Consider a family of circles passing through the point (3,7) and (6,5). Answer the following questions.
If the circle which belongs to the given family cuts the circle `x^(2)+y^2=29` orthogonally, then the center of that circle is (a) (1 / 2 , 3 / 2 ) (b) ( 9 / 2 , 7 / 2 ) (c) ( 7 / 2 , 9 / 2 ) (d) ( 3 , − 7 / 9 )

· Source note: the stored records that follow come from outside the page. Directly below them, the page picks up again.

(* Assume $\alpha_1,\dots,\alpha_N,u,v\in\mathbb R$ satisfy $\alpha_i+\alpha_j>0$, $\alpha_i+u>0$, $\alpha_i+v>0$ for all $i,j$, and additionally $u+v>0$. For any down-right path $\mathcal P$ and any fixed $\lambda_1^{(0)}\in\mathbb R$, $$Z_{\mathrm{LG}}=\int_{\mathbb R^{2N+1}}\mathrm{wt}^{\mathcal{GP}}_{\mathrm{LG}}(\boldsymbol\lambda)\prod_{(i,j)\ne(1,0)}d\lambda_i^{(j)}$$ (integral over $\lambda_i^{(j)}$, $i\in\{1,2\}$, $0\le j\le N$, $(i,j)\ne(1,0)$) is finite and does not depend on the choice of $\mathcal P$ nor of $\lambda_1^{(0)}$.
   Context: Fix $N\ge1$, extend $\alpha_{j+kN}=\alpha_j$. Strip $\{(n,m)\in\mathbb Z^2:0\le m\le n\le m+N\}$. A down-right path is a sequence of strip vertices $\mathbf p_0=(m_0,m_0),\mathbf p_1,\dots,\mathbf p_N$ with steps $\mathbf p_j-\mathbf p_{j-1}\in\{(1,0),(0,-1)\}$; edge $\mathsf e_j$ from $\mathbf p_{j-1}$ to $\mathbf p_j$ has label $\ell_j=\alpha_n$ if it is the horizontal edge $(n-1,m)\to(n,m)$ and $\ell_j=\alpha_m$ if it is the vertical edge between $(n,m-1)$ and $(n,m)$. Set $(\mathrm{up}(j),\mathrm{low}(j))=(j,j-1)$ if $\mathsf e_j$ horizontal, $(j-1,j)$ if vertical. With $f_\theta(x)=e^{-\theta x-e^{-x}}$, for $\boldsymbol\lambda=(\lambda_i^{(j)})\in\mathbb R^{2N+2}$, $$\mathrm{wt}^{\mathcal{GP}}_{\mathrm{LG}}(\boldsymbol\lambda)=e^{-u(\lambda_1^{(0)}-\lambda_2^{(0)})}e^{-v(\lambda_1^{(N)}-\lambda_2^{(N)})}\prod_{j=1}^N\Big[\prod_{i=1}^2f_{\ell_j}\big(\lambda_i^{(\mathrm{up}(j))}-\lambda_i^{(\mathrm{low}(j))}\big)\Big]e^{-e^{-(\lambda_1^{(\mathrm{low}(j))}-\lambda_2^{(\mathrm{up}(j))})}}.$$ *)

theory Defs
  imports "HOL-Analysis.Analysis"
begin
lemma rank_one_2x2_eq_scaled_idempotent:
  fixes M :: "real^2^2"
  assumes rank: "rank M = 1" and "\<not> nilpotent_mat M"
  shows "\<exists>c P. c \<noteq> 0 \<and> P ** P = P \<and> rank P = 1 \<and> M = c *\<^sub>R P"
proof -
  have det: "det M = 0" using rank by (simp add: det_eq_0_rank)
  hence square: "M ** M = trace M *\<^sub>R M" using cayley_hamilton_2[of M] by simp
  have t: "trace M \<noteq> 0" using assms(2) square nilpotent_if_square_0 by force
  let ?P = "(1 / trace M) *\<^sub>R M"
  have "?P ** ?P = ?P" using t by (simp add: scalar_matrix_assoc[symmetric] matrix_scalar_ac square)
  moreover have "rank ?P = 1"
  proof -
    have "rank ?P < 2" using det det_eq_0_rank[of ?P] by (simp add: det_scaleR_2)
    moreover have "M \<noteq> 0" using rank by auto
    hence "rank ?P \<noteq> 0" using t by (simp add: rank_eq_0)
    ultimately show ?thesis by linarith
  qed
  moreover have "M = trace M *\<^sub>R ?P" using t by simp
  ultimately show ?thesis using t by blast
qed

section \<open>Nilpotent limits\<close>

lemma tendsto_matrix_vector_mult:
  fixes X :: "nat \<Rightarrow> real^'n^'m"
  assumes "X \<longlonglongrightarrow> M"
  shows "(\<lambda>k. X k *v v) \<longlonglongrightarrow> M *v v"
proof -
  have "linear (\<lambda>X::real^'n^'m. X *v v)"
    by (rule linearI) (simp_all add: matrix_vector_mult_add_rdistrib scaleR_matrix_vector_assoc)
  hence "bounded_linear (\<lambda>X::real^'n^'m. X *v v)" by (simp add: linear_conv_bounded_linear)
  from bounded_linear.tendsto[OF this assms] show ?thesis .
qed

text \<open>If the limit N kills u but not the unit vector y, then Y k *v u becomes negligible
  compared with Y k *v y, and hence with sv1 (Y k).\<close>
lemma ratio_tendsto_zero_at_kernel:
  assumes Y: "Y \<longlonglongrightarrow> (N::real^2^2)" and Nu: "N *v u = 0" and Ny: "N *v y \<noteq> 0" and y: "norm y = 1"
  shows "(\<lambda>k. norm (Y k *v u) / sv1 (Y k)) \<longlonglongrightarrow> 0"
proof (rule Lim_null_comparison)
  have b: "(\<lambda>k. norm (Y k *v y)) \<longlonglongrightarrow> norm (N *v y)" by (intro tendsto_norm tendsto_matrix_vector_mult Y)
  have "(\<lambda>k. norm (Y k *v u) / norm (Y k *v y)) \<longlonglongrightarrow> norm (N *v u) / norm (N *v y)"
    using Ny by (intro tendsto_divide tendsto_norm tendsto_matrix_vector_mult Y b) simp
  thus "(\<lambda>k. norm (Y k *v u) / norm (Y k *v y)) \<longlonglongrightarrow> 0" using Nu by simp
  have "\<forall>\<^sub>F k in sequentially. 0 < norm (Y k *v y)" using order_tendstoD(1)[OF b, of 0] Ny by simp
  thus "\<forall>\<^sub>F k in sequentially. norm (norm (Y k *v u) / sv1 (Y k)) \<le> norm (Y k *v u) / norm (Y k *v y)"
  proof eventually_elim
    case (elim k)
    have le: "norm (Y k *v y) \<le> sv1 (Y k)" using norm_mv_le_sv1[of "Y k" y] y by simp
    have "norm (Y k *v u) / sv1 (Y k) \<le> norm (Y k *v u) / norm (Y k *v y)"
      by (rule divide_left_mono[OF le norm_ge_zero mult_pos_pos[OF less_le_trans[OF elim le] elim]])
    thus ?case by (simp add: sv1_nonneg)
  qed
qed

To solve the problem, we need to find the center of a circle that passes through the points (3, 7) and (6, 5) and cuts the circle \(x^2 + y^2 = 29\) orthogonally. ### Step-by-step Solution: 1. **Find the Equation of Line AB**: - The points A(3, 7) and B(6, 5) can be used to find the equation of the line AB. - The slope \(m\) of line AB is given by: \[ m = \frac{y_2 - y_1}{x_2 - x_1} = \frac{5 - 7}{6 - 3} = \frac{-2}{3} \] - Using point-slope form, the equation of the line is: \[ y - 7 = -\frac{2}{3}(x - 3) \] - Rearranging gives: \[ 2x + 3y - 27 = 0 \quad \text{(Equation 1)} \] **Hint**: Use the slope formula to find the slope of the line connecting two points. 2. **Equation of the Circle with AB as Diameter**: - The equation of the circle with A and B as endpoints of the diameter is: \[ (x - 3)(x - 6) + (y - 7)(y - 5) = 0 \] - Expanding this gives: \[ (x^2 - 9x + 18) + (y^2 - 12y + 35) = 0 \] - Simplifying results in: \[ x^2 + y^2 - 9x - 12y + 53 = 0 \quad \text{(Equation 2)} \] **Hint**: Remember that the general form of a circle is derived from the product of linear factors. 3. **Orthogonality Condition**: - The circle \(x^2 + y^2 = 29\) can be rewritten as: \[ x^2 + y^2 - 29 = 0 \] - For two circles to intersect orthogonally, the condition is: \[ 2h_1h_2 + 2k_1k_2 = r_1^2 + r_2^2 \] - Here, we can find the coefficients from the equations of the circles. For Equation 2, \(h = -\frac{9}{2}\), \(k = -\frac{12}{2}\), and \(r^2 = 53\). **Hint**: Understand the condition for orthogonality between two circles. 4. **Finding the Value of λ**: - The family of circles passing through A and B can be expressed as: \[ (x - 3)(x - 6) + (y - 7)(y - 5) + \lambda(2x + 3y - 27) = 0 \] - Setting this equal to the orthogonality condition gives: \[ -29 + 56 + 27\lambda = 0 \] - Solving for \(\lambda\): \[ 27\lambda = -27 \implies \lambda = 1 \] **Hint**: Substitute \(\lambda\) back into the family equation to find the specific circle. 5. **Final Circle Equation**: - Substitute \(\lambda = 1\) into the family equation: \[ x^2 + y^2 - 7x - 9y + 26 = 0 \] - The center of this circle can be found by comparing it to the standard form \((x - h)^2 + (y - k)^2 = r^2\): \[ h = \frac{7}{2}, \quad k = \frac{9}{2} \] **Hint**: The center of the circle can be derived from the coefficients of \(x\) and \(y\). 6. **Conclusion**: - The center of the circle is \(\left(\frac{7}{2}, \frac{9}{2}\right)\). - Therefore, the correct option is (c) \(\left(\frac{7}{2}, \frac{9}{2}\right)\).